Small Town, Cheese, and an Ocean Breeze

PictureCattle Grazing. Photo by Gary Halvorson. by Charles Thompson

"Charlie, do you know how to roll your own?" It was my first day on the job selling ads for the Tillamook Headlight Herald Newspaper and the managing editor was standing in the doorway of the composing room holding a 35 mm camera and waving me over. 

"Sorry, I don’t smoke," I replied and the rest of the staff laughed.

"Roll your own can? I see you’re not a photographer," he said. "You are now. This is your camera, keep it with you and always have film loaded. Everyone at this newspaper carries a camera. If you see anything interesting or something happening, take pictures. We can catch the story later, but we can’t go back and get a picture.  First rule: film is cheap. Don’t be concerned with how many frames you shoot."

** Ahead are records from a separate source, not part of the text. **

lemma second_difference_mvt:
  fixes f :: "'a::real_normed_vector \<Rightarrow> real"
  assumes f': "\<And>y. y \<in> ball x r \<Longrightarrow> (f has_derivative f' y) (at y)"
    and f'': "\<And>y v. y \<in> ball x r \<Longrightarrow> ((\<lambda>z. f' z v) has_derivative f'' y v) (at y)"
    and s: "0 < s" "s * (norm v + norm w) < r"
  shows "\<exists>\<tau>\<in>{0..s}. \<exists>\<sigma>\<in>{0..s}.
     f (x + (s *\<^sub>R v + s *\<^sub>R w)) - f (x + s *\<^sub>R v) - f (x + s *\<^sub>R w) + f x
       = s * s * f'' (x + (\<tau> *\<^sub>R v + \<sigma> *\<^sub>R w)) v w"
proof -
  have inb: "x + (a *\<^sub>R v + b *\<^sub>R w) \<in> ball x r" if "a \<in> {0..s}" "b \<in> {0..s}" for a b
  proof -
    have "dist x (x + (a *\<^sub>R v + b *\<^sub>R w)) = norm (a *\<^sub>R v + b *\<^sub>R w)"
      by (metis add_diff_cancel_left' dist_commute dist_norm)
    then show ?thesis using norm_scaleR_add_le[OF that, of v w] s by simp
  qed
  define g where "g \<tau> = f (x + s *\<^sub>R w + \<tau> *\<^sub>R v) - f (x + \<tau> *\<^sub>R v)" for \<tau>
  have g': "DERIV g \<tau> :> f' (x + s *\<^sub>R w + \<tau> *\<^sub>R v) v - f' (x + \<tau> *\<^sub>R v) v"
    if "0 \<le> \<tau>" "\<tau> \<le> s" for \<tau>
    unfolding g_def
    by (intro DERIV_diff has_real_derivative_along_line f')
      (use inb[of \<tau> s] inb[of \<tau> 0] that s in \<open>simp_all add: algebra_simps\<close>)
  obtain \<tau> where \<tau>: "0 < \<tau>" "\<tau> < s"
    and g: "g s - g 0 = (s - 0) * (f' (x + s *\<^sub>R w + \<tau> *\<^sub>R v) v - f' (x + \<tau> *\<^sub>R v) v)"
    using MVT2[OF s(1), of g "\<lambda>\<tau>. f' (x + s *\<^sub>R w + \<tau> *\<^sub>R v) v - f' (x + \<tau> *\<^sub>R v) v"] g'
    by auto
  define h where "h \<sigma> = f' (x + \<tau> *\<^sub>R v + \<sigma> *\<^sub>R w) v" for \<sigma>
  have h': "DERIV h \<sigma> :> f'' (x + \<tau> *\<^sub>R v + \<sigma> *\<^sub>R w) v w" if "0 \<le> \<sigma>" "\<sigma> \<le> s" for \<sigma>
    unfolding h_def
  proof (rule has_real_derivative_along_line; rule f'')
    show "x + \<tau> *\<^sub>R v + \<sigma> *\<^sub>R w \<in> ball x r"
      using inb[of \<tau> \<sigma>] that \<tau> by (simp add: algebra_simps)
  qed
  obtain \<sigma> where \<sigma>: "0 < \<sigma>" "\<sigma> < s" and h: "h s - h 0 = (s - 0) * f'' (x + \<tau> *\<^sub>R v + \<sigma> *\<^sub>R w) v w"
    using MVT2[OF s(1), of h "\<lambda>\<sigma>. f'' (x + \<tau> *\<^sub>R v + \<sigma> *\<^sub>R w) v w"] h' by auto
  have "f (x + (s *\<^sub>R v + s *\<^sub>R w)) - f (x + s *\<^sub>R v) - f (x + s *\<^sub>R w) + f x = g s - g 0"
    by (simp add: g_def algebra_simps)
  also have "\<dots> = s * s * f'' (x + (\<tau> *\<^sub>R v + \<sigma> *\<^sub>R w)) v w"
    using g h by (simp add: h_def algebra_simps)
  finally show ?thesis using \<tau> \<sigma> by (meson atLeastAtMost_iff less_imp_le)
qed

lemma tendsto_dist_le:
  assumes "(f \<longlongrightarrow> l) F" and "eventually (\<lambda>x. dist (g x) l \<le> dist (f x) l) F"
  shows "(g \<longlongrightarrow> l) F"
proof -
  have "((\<lambda>x. dist (f x) l) \<longlongrightarrow> 0) F" using assms(1) by (rule tendsto_dist_iff[THEN iffD1])
  then have "((\<lambda>x. dist (g x) l) \<longlongrightarrow> 0) F"
    by (rule tendsto_sandwich[OF _ assms(2) tendsto_const, rotated]) simp
  then show ?thesis by (rule tendsto_dist_iff[THEN iffD2])
qed

lemma isCont_eq_if_arbitrarily_close:
  fixes g h :: "'a::metric_space \<Rightarrow> 'b::metric_space"
  assumes "isCont g x" "isCont h x"
    and close: "\<And>e. e > 0 \<Longrightarrow> \<exists>y z. dist y x < e \<and> dist z x < e \<and> g y = h z"
  shows "g x = h x"
proof (rule ccontr)
  assume "g x \<noteq> h x"
  then have e: "dist (g x) (h x) / 2 > 0" by simp
  obtain dg where "dg > 0" and dg: "\<And>y. dist y x < dg \<Longrightarrow> dist (g y) (g x) < dist (g x) (h x) / 2"
    using assms(1) e unfolding continuous_at_eps_delta by blast
  obtain dh where "dh > 0" and dh: "\<And>y. dist y x < dh \<Longrightarrow> dist (h y) (h x) < dist (g x) (h x) / 2"
    using assms(2) e unfolding continuous_at_eps_delta by blast
  obtain y z where "dist y x < dg" "dist z x < dh" and yz: "g y = h z"
    using close[of "min dg dh"] \<open>dg > 0\<close> \<open>dh > 0\<close> by auto
  then have "dist (g y) (g x) + dist (h z) (h x) < dist (g x) (h x)"
    using dg dh by fastforce
  moreover have "dist (g x) (h x) \<le> dist (g y) (g x) + dist (h z) (h x)"
    using dist_triangle3[of "g x" "h x" "g y"] yz by simp
  ultimately show False by simp
qed

lemma second_derivative_symmetric:
  fixes f :: "'a::real_normed_vector \<Rightarrow> real"
  assumes U: "open U" "x \<in> U"
    and f': "\<And>y. y \<in> U \<Longrightarrow> (f has_derivative f' y) (at y)"
    and f'': "\<And>y v. y \<in> U \<Longrightarrow> ((\<lambda>z. f' z v) has_derivative f'' y v) (at y)"
    and cont: "\<And>v w. isCont (\<lambda>y. f'' y v w) x"
  shows "f'' x v w = f'' x w v"
proof (rule isCont_eq_if_arbitrarily_close[OF cont cont])
  fix e :: real assume "e > 0"
  obtain r where "r > 0" and r: "ball x r \<subseteq> U" using U openE by blast
  define s where "s = min r e / (norm v + norm w + 1)"
  have C: "norm v + norm w + 1 > 0" by (simp add: add_nonneg_pos)
  have "s > 0" using \<open>r > 0\<close> \<open>e > 0\<close> C by (simp add: s_def)
  have s_less: "s * (norm v + norm w) < min r e"
  proof -
    have "s * (norm v + norm w) < s * (norm v + norm w + 1)" using \<open>s > 0\<close> by simp
    also have "\<dots> = min r e" unfolding s_def using C by simp
    finally show ?thesis .
  qed
  have vw: "s * (norm v + norm w) < r" and wv: "s * (norm w + norm v) < r"
    using s_less by (simp_all add: add.commute)
  have ball_f': "\<And>y. y \<in> ball x r \<Longrightarrow> (f has_derivative f' y) (at y)"
    and ball_f'': "\<And>y v. y \<in> ball x r \<Longrightarrow> ((\<lambda>z. f' z v) has_derivative f'' y v) (at y)"
    using f' f'' r by auto
  obtain \<tau> \<sigma> where \<tau>\<sigma>: "\<tau> \<in> {0..s}" "\<sigma> \<in> {0..s}"
    and vw_eq: "f (x + (s *\<^sub>R v + s *\<^sub>R w)) - f (x + s *\<^sub>R v) - f (x + s *\<^sub>R w) + f x
       = s * s * f'' (x + (\<tau> *\<^sub>R v + \<sigma> *\<^sub>R w)) v w"
    using second_difference_mvt[OF ball_f' ball_f'' \<open>s > 0\<close> vw] by blast
  obtain \<tau>' \<sigma>' where \<tau>\<sigma>': "\<tau>' \<in> {0..s}" "\<sigma>' \<in> {0..s}"
    and wv_eq: "f (x + (s *\<^sub>R w + s *\<^sub>R v)) - f (x + s *\<^sub>R w) - f (x + s *\<^sub>R v) + f x
       = s * s * f'' (x + (\<tau>' *\<^sub>R w + \<sigma>' *\<^sub>R v)) w v"
    using second_difference_mvt[OF ball_f' ball_f'' \<open>s > 0\<close> wv] by blast
  have "s * s * f'' (x + (\<tau> *\<^sub>R v + \<sigma> *\<^sub>R w)) v w = s * s * f'' (x + (\<tau>' *\<^sub>R w + \<sigma>' *\<^sub>R v)) w v"
    using vw_eq wv_eq by (simp add: algebra_simps)
  then have "f'' (x + (\<tau> *\<^sub>R v + \<sigma> *\<^sub>R w)) v w = f'' (x + (\<tau>' *\<^sub>R w + \<sigma>' *\<^sub>R v)) w v"
    using \<open>s > 0\<close> by simp
  moreover have "dist (x + (\<tau> *\<^sub>R v + \<sigma> *\<^sub>R w)) x < e" "dist (x + (\<tau>' *\<^sub>R w + \<sigma>' *\<^sub>R v)) x < e"
    using norm_scaleR_add_le[OF \<tau>\<sigma>(1,2), of v w] norm_scaleR_add_le[OF \<tau>\<sigma>', of w v] s_less
    by (simp_all add: dist_norm add.commute)
  ultimately show "\<exists>y z. dist y x < e \<and> dist z x < e \<and> f'' y v w = f'' z w v" by blast
qed

lemma has_real_derivative_at_left_le:
  fixes f g :: "real \<Rightarrow> real"
  assumes f: "(f has_real_derivative D) (at 0 within {-1..0})"
    and g: "(g has_real_derivative E) (at 0 within {-1..0})"
    and le: "\<And>u. u \<in> {-1..0} \<Longrightarrow> f u - f 0 \<le> g u - g 0"
  shows "E \<le> D"
proof -
  have at: "at (0::real) within {-1..0} = at_left 0" by (rule at_within_Icc_at_left) simp
  show ?thesis
  proof (rule tendsto_le[of "at_left 0" "\<lambda>y. (f y - f 0) / (y - 0)" D "\<lambda>y. (g y - g 0) / (y - 0)"])
    show "((\<lambda>y. (f y - f 0) / (y - 0)) \<longlongrightarrow> D) (at_left 0)"
      "((\<lambda>y. (g y - g 0) / (y - 0)) \<longlongrightarrow> E) (at_left 0)"
      using f g by (simp_all add: has_field_derivative_iff at)
    have "eventually (\<lambda>u. u \<in> {-1<..<0}) (at_left (0::real))"
      by (rule eventually_at_left_real) simp
    then show "\<forall>\<^sub>F u in at_left 0. (g u - g 0) / (u - 0) \<le> (f u - f 0) / (u - 0)"
      by eventually_elim (use le in \<open>auto intro: divide_right_mono_neg\<close>)
  qed simp
qed

lemma radial_segment_in_cball:
  fixes a :: "'a::real_normed_vector"
  assumes "a \<in> cball 0 r" "u \<in> {-1..0}"
  shows "a + u *\<^sub>R a \<in> cball 0 r"
proof -
  have "a + u *\<^sub>R a = (1 + u) *\<^sub>R a" by (simp add: algebra_simps)
  then have "norm (a + u *\<^sub>R a) = (1 + u) * norm a" using assms(2) by simp
  also have "\<dots> \<le> norm a" using assms(2) mult_right_mono[of "1 + u" 1 "norm a"] by simp
  finally show ?thesis using assms(1) by simp
qed

section \<open>The Rayleigh bound for symmetric matrices\<close>

lemma outer_mult_vector: "outer u *v y = (u \<bullet> y) *\<^sub>R u"
  by (simp add: outer_def vec_eq_iff matrix_vector_mult_def inner_vec_def sum_distrib_left mult_ac)

lemma nonneg_quadratic_linear_coeff_zero:
  fixes c e :: real
  assumes "\<And>s. 0 \<le> 2 * s * c + s * s * e"
  shows "c = 0"
proof -
  define E where "E = \<bar>e\<bar> + 1"
  have E: "E > 0" unfolding E_def by simp
  have "0 \<le> (2 * (- c / E) * c + (- c / E) * (- c / E) * e) * (E * E)"
    using assms[of "- c / E"] E by simp
  also have "\<dots> = c * c * (e - 2 * E)" using E by (simp add: field_simps)
  finally have "0 \<le> c * c * (e - 2 * E)" .
  moreover have "e - 2 * E < 0" unfolding E_def by (cases "e \<ge> 0") auto
  ultimately have "c * c \<le> 0" by (simp add: zero_le_mult_iff)
  then show ?thesis using mult_le_0_iff[of c c] by auto
qed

The sports editor showed me how to roll my own.  I noticed a large Oregon coast poster featuring Tillamook hanging on the wall. Cheese, Trees and Ocean Breezes was the bold message across the top.  I chuckled about the need for an ocean breeze that morning. The downtown area stunk from the many dairies surrounding the area.

“Rule number two,” boomed the voice of the newsroom. “Don’t ever bad mouth the smell in town. Merchants are touchy about that. Around here it’s the smell of money. In fact, don’t speak badly about anyone either. This is a small town. Everyone is related or knows everyone else. Anything you say can circle back. Focus on the good.”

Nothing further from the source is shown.